In a few weeks, according to the report following today's FOMC meeting, the Fed will have "tapered" its purchases of bonds by about one-third (from $85 billion per month in December to $55 billion a month). And lo and behold, the sky has not fallen, nor is it about to. Nevertheless, the market continues to fret that tapering is a form of tightening, since, as the theory goes, the economy has managed to grow only thanks to Fed stimulus, and that without it, economic activity will grind to a halt.
Never in my many years of Fed watching has there been so much confusion about how Fed policy operates.

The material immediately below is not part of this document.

(* Let $n\geq 4$ and let $\nu :B_n\to GL_{n+1}(\mathbb{C})$ be a non-trivial homogeneous $3$-local representation of $B_n$. Then $\nu$ is equivalent to one of the eight representations $\nu_j$, $1\leq j\leq 8$, given by $\nu_j(\sigma_i)=\mathrm{diag}(I_{i-1},M_j,I_{n-i-1})$ for all $1\leq i \leq n-1$, where: (1) $M_1=\begin{pmatrix} 1&0&0\\ 0&m_{22}&m_{23}\\ 0&\frac{1-m_{22}}{m_{23}}&0\end{pmatrix}$, with $m_{22}\neq1$, $m_{23}\neq0$; (2) $M_2=\begin{pmatrix} 0&m_{12}&0\\ \frac{1-m_{22}}{m_{12}}&m_{22}&0\\ 0&0&1\end{pmatrix}$, with $m_{22}\neq1$, $m_{12}\neq0$; (3) $M_3=\begin{pmatrix} 1&-\frac{m_{22}}{m_{32}}&0\\ 0&m_{22}&0\\ 0&m_{32}&1\end{pmatrix}$, with $m_{22}m_{32}\neq0$; (4) $M_4=\begin{pmatrix} 1&0&0\\ -\frac{m_{22}}{m_{23}}&m_{22}&m_{23}\\ 0&0&1\end{pmatrix}$, with $m_{23}m_{22}\neq0$; (5) $M_5=\begin{pmatrix} 1&0&0\\ 0&0&m_{23}\\ 0&m_{32}&1-m_{23}m_{32}\end{pmatrix}$, with $m_{23}m_{32}\neq0$; (6) $M_6=\begin{pmatrix} 1-m_{12}m_{21}&m_{12}&0\\ m_{21}&0&0\\ 0&0&1\end{pmatrix}$, with $m_{12}m_{21}\neq0$; (7) $M_7=\begin{pmatrix} 1&0&0\\ 0&0&m_{23}\\ 0&m_{32}&0\end{pmatrix}$, with $m_{23}m_{32}\neq0$; (8) $M_8=\begin{pmatrix} 0&m_{12}&0\\ m_{21}&0&0\\ 0&0&1\end{pmatrix}$, with $m_{12}m_{21}\neq0$; all entries being complex numbers.
   Context: The braid group $B_n$ has generators $\sigma_1,\dots,\sigma_{n-1}$ with relations $\sigma_i\sigma_{i+1}\sigma_i=\sigma_{i+1}\sigma_i\sigma_{i+1}$ ($1\le i\le n-2$) and $\sigma_i\sigma_j=\sigma_j\sigma_i$ ($|i-j|\ge2$). A representation $\nu:B_n\to GL_{n+1}(\mathbb{C})$ is homogeneous $3$-local if there is a matrix $M\in M_3(\mathbb{C})$ with $\nu(\sigma_i)=\mathrm{diag}(I_{i-1},M,I_{n-i-1})$ (block diagonal, $I_r$ the $r\times r$ identity) for all $1\le i\le n-1$. "Non-trivial" means not sending every $\sigma_i$ to the identity. Two representations are equivalent if they are conjugate by a fixed invertible matrix. *)

theory Defs
  imports Complex_Main "Jordan_Normal_Form.Matrix"
begin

The myth persists that QE bond purchases are "stimulative" because it involves the printing of massive amounts of money and the artificial depressing of yields. But this is simply not the case. As the chart above shows, 10-yr yields today are actually higher than they were when the Fed launched its first QE bond purchases. Bond prices have actually fallen despite $3 trillion of bond purchases by the Fed. The chart also makes it clear that yields have actually risen during each episode of QE bond-buying. Operation Twist (OT) was ineffective as well, since 10-yr yields were essentially unchanged during the period in which the Fed was buying 10-yr bonds and selling short-term bonds. The main determinant of yields is not the marginal purchases by the Fed, but the market's willingness to hold the entire stock of bonds (Treasuries, MBS, corporate bonds, etc., totaling many tens of trillions of dollars), since all bonds are priced off of Treasuries. That willingness, in turn, is a function of the market's expectations for inflation and economic growth.

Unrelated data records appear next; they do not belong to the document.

lemma power_dvd_S_shift:
  assumes "prime p" "\<beta> < \<alpha>" "\<not> [r = 0] (mod int p)"
  shows "int p ^ (\<alpha> - \<beta> - 2) dvd S p \<alpha> n (int p ^ \<beta> * r)"
proof -
  have "int p ^ (\<alpha> - \<beta> - 2) dvd S p \<alpha> n (int p ^ \<beta> * r) - S p (\<alpha> - \<beta>) n r"
    using S_shift_cong[OF assms(1,2)] unfolding cong_iff_dvd_diff
    by (rule dvd_trans[rotated]) (simp add: le_imp_power_dvd)
  moreover have "int p ^ (\<alpha> - \<beta> - 2) dvd S p (\<alpha> - \<beta>) n r"
    by (rule power_dvd_S_if_not_cong_0[OF assms(1,3)])
  ultimately have "int p ^ (\<alpha> - \<beta> - 2) dvd
      (S p \<alpha> n (int p ^ \<beta> * r) - S p (\<alpha> - \<beta>) n r) + S p (\<alpha> - \<beta>) n r"
    by (rule dvd_add)
  thus ?thesis
    by simp
qed

theorem corollary3p1:
  fixes p \<alpha> \<beta> n :: nat and r :: int
  assumes "prime p" and "\<alpha> > \<beta>"
  shows "[S p \<alpha> n (int p ^ \<beta> * r) = S p (\<alpha> - \<beta>) n r]
           (mod (int p ^ ((2 - (if p = 2 then 1 else 0)) * (\<alpha> - \<beta> - 1))))
       \<and> (\<not> [r = 0] (mod int p) \<longrightarrow>
            S p \<alpha> n (int p ^ \<beta> * r) = 0 \<or>
            int (multiplicity (int p) (S p \<alpha> n (int p ^ \<beta> * r))) \<ge> int \<alpha> - int \<beta> - 2)"
proof (intro conjI impI)
  show "[S p \<alpha> n (int p ^ \<beta> * r) = S p (\<alpha> - \<beta>) n r]
      (mod (int p ^ ((2 - (if p = 2 then 1 else 0)) * (\<alpha> - \<beta> - 1))))"
    by (rule S_shift_cong[OF assms])
  assume "\<not> [r = 0] (mod int p)"
  hence "int p ^ (\<alpha> - \<beta> - 2) dvd S p \<alpha> n (int p ^ \<beta> * r)"
    by (rule power_dvd_S_shift[OF assms])
  moreover have "\<not> is_unit (int p)"
    using prime_ge_2_nat[OF assms(1)] by simp
  ultimately have "S p \<alpha> n (int p ^ \<beta> * r) \<noteq> 0 \<Longrightarrow>
      \<alpha> - \<beta> - 2 \<le> multiplicity (int p) (S p \<alpha> n (int p ^ \<beta> * r))"
    by (intro multiplicity_geI) simp_all
  thus "S p \<alpha> n (int p ^ \<beta> * r) = 0 \<or>
      int (multiplicity (int p) (S p \<alpha> n (int p ^ \<beta> * r))) \<ge> int \<alpha> - int \<beta> - 2"
    by linarith
qed

end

As I've explained before, the Fed is not "printing money" when it buys bonds. When the Fed buys bonds it must buy them from banks. The Fed pays for the bonds by crediting banks' reserve account at the Fed. Bank reserves are not money that can be spent anywhere. They only exist on the Fed's balance sheet. Banks use their reserves to collateralize their deposits and to increase their lending, but to date the growth of the money supply has not been unusually rapid, as the chart above shows-only slightly more than 6% per year for the past 20 years. This is not to say that all will be A-OK forever, since the $2 trillion of excess reserves currently in the system would allow banks to expand their lending-and the money supply-by several orders of magnitude if they so desired.

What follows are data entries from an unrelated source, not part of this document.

theorem mainTheorem7:
  fixes r :: nat and \<nu> :: "nat \<Rightarrow> real^'n" and lam :: "nat \<Rightarrow> real" and g :: "real^'n \<Rightarrow> real"
  assumes "delzant r \<nu> lam"
    and "\<forall>j<r. lam j - 1/2 \<in> \<int>"
    and "symplectic_potential r \<nu> lam g"
  shows "(\<forall>F\<in>A_P r \<nu> lam. \<forall>p. fst p \<in> interior (polytope r \<nu> lam) \<longrightarrow>
            summable (\<lambda>k. (ghat g ^^ k) F p / of_nat (fact k)))
    \<and> (\<forall>F\<in>A_P r \<nu> lam. \<forall>G\<in>A_P r \<nu> lam. \<forall>a b::complex.
            exp_ghat r \<nu> lam g (\<lambda>p. a * F p + b * G p)
              = (\<lambda>p. a * exp_ghat r \<nu> lam g F p + b * exp_ghat r \<nu> lam g G p))
    \<and> bij_betw (exp_ghat r \<nu> lam g) (A_P r \<nu> lam) (H_Pg r \<nu> lam g)
    \<and> (\<forall>m\<in>lattice_pts r \<nu> lam. exp_ghat r \<nu> lam g (echar r \<nu> lam m) = sigma r \<nu> lam g m)"
proof (intro conjI)
  show "\<forall>F\<in>A_P r \<nu> lam. \<forall>p. fst p \<in> interior (polytope r \<nu> lam) \<longrightarrow>
          summable (\<lambda>k. (ghat g ^^ k) F p / of_nat (fact k))"
    unfolding A_P_def cspan_fun_def using exp_ghat_series_echar_sum sums_summable by blast
  show "bij_betw (exp_ghat r \<nu> lam g) (A_P r \<nu> lam) (H_Pg r \<nu> lam g)"
    by (simp add: bij_betw_def inj_on_exp_ghat_A_P exp_ghat_image_A_P)
qed (simp_all add: exp_ghat_linear_on_A_P exp_ghat_echar)

end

When the Fed buys bonds, they become part of the Fed's assets. The Fed incurs a corresponding liability in the form of bank reserves. In effect, the Fed buys bonds from banks by borrowing the money from the banks to buy the bonds. The Fed pays the banks interest on their reserves of 0.25%, so from the banks' perspective, they are lending money to the Fed for a modest rate of interest which is actually better than they could get by buying T-bills, which currently yield only 0.05%.
As the chart above shows, the Fed's purchases of $3 trillion of notes and bonds (assets) have been offset by an approximately equal increase in currency (about $0.4 trillion) and bank reserves (about $2.6 trillion).
In addition to saying they will continue to taper their bond purchases, the FOMC decided to drop its 6.5% unemployment rate threshold. They will now consider a range of economic variables when deciding to taper and when and by how much to raise short-term interest rates. It's unfortunate that they have backed off of a rules-based policy and now have more discretion - which creates uncertainty - but at the same time this could give them more flexibility to act more or less aggressively if conditions warrant. Meanwhile, continuing to taper is definitely a step in the right direction since, as I've noted in recent posts, there are signs that the demand for bank reserves is declining and banks' willingness to lend is increasing.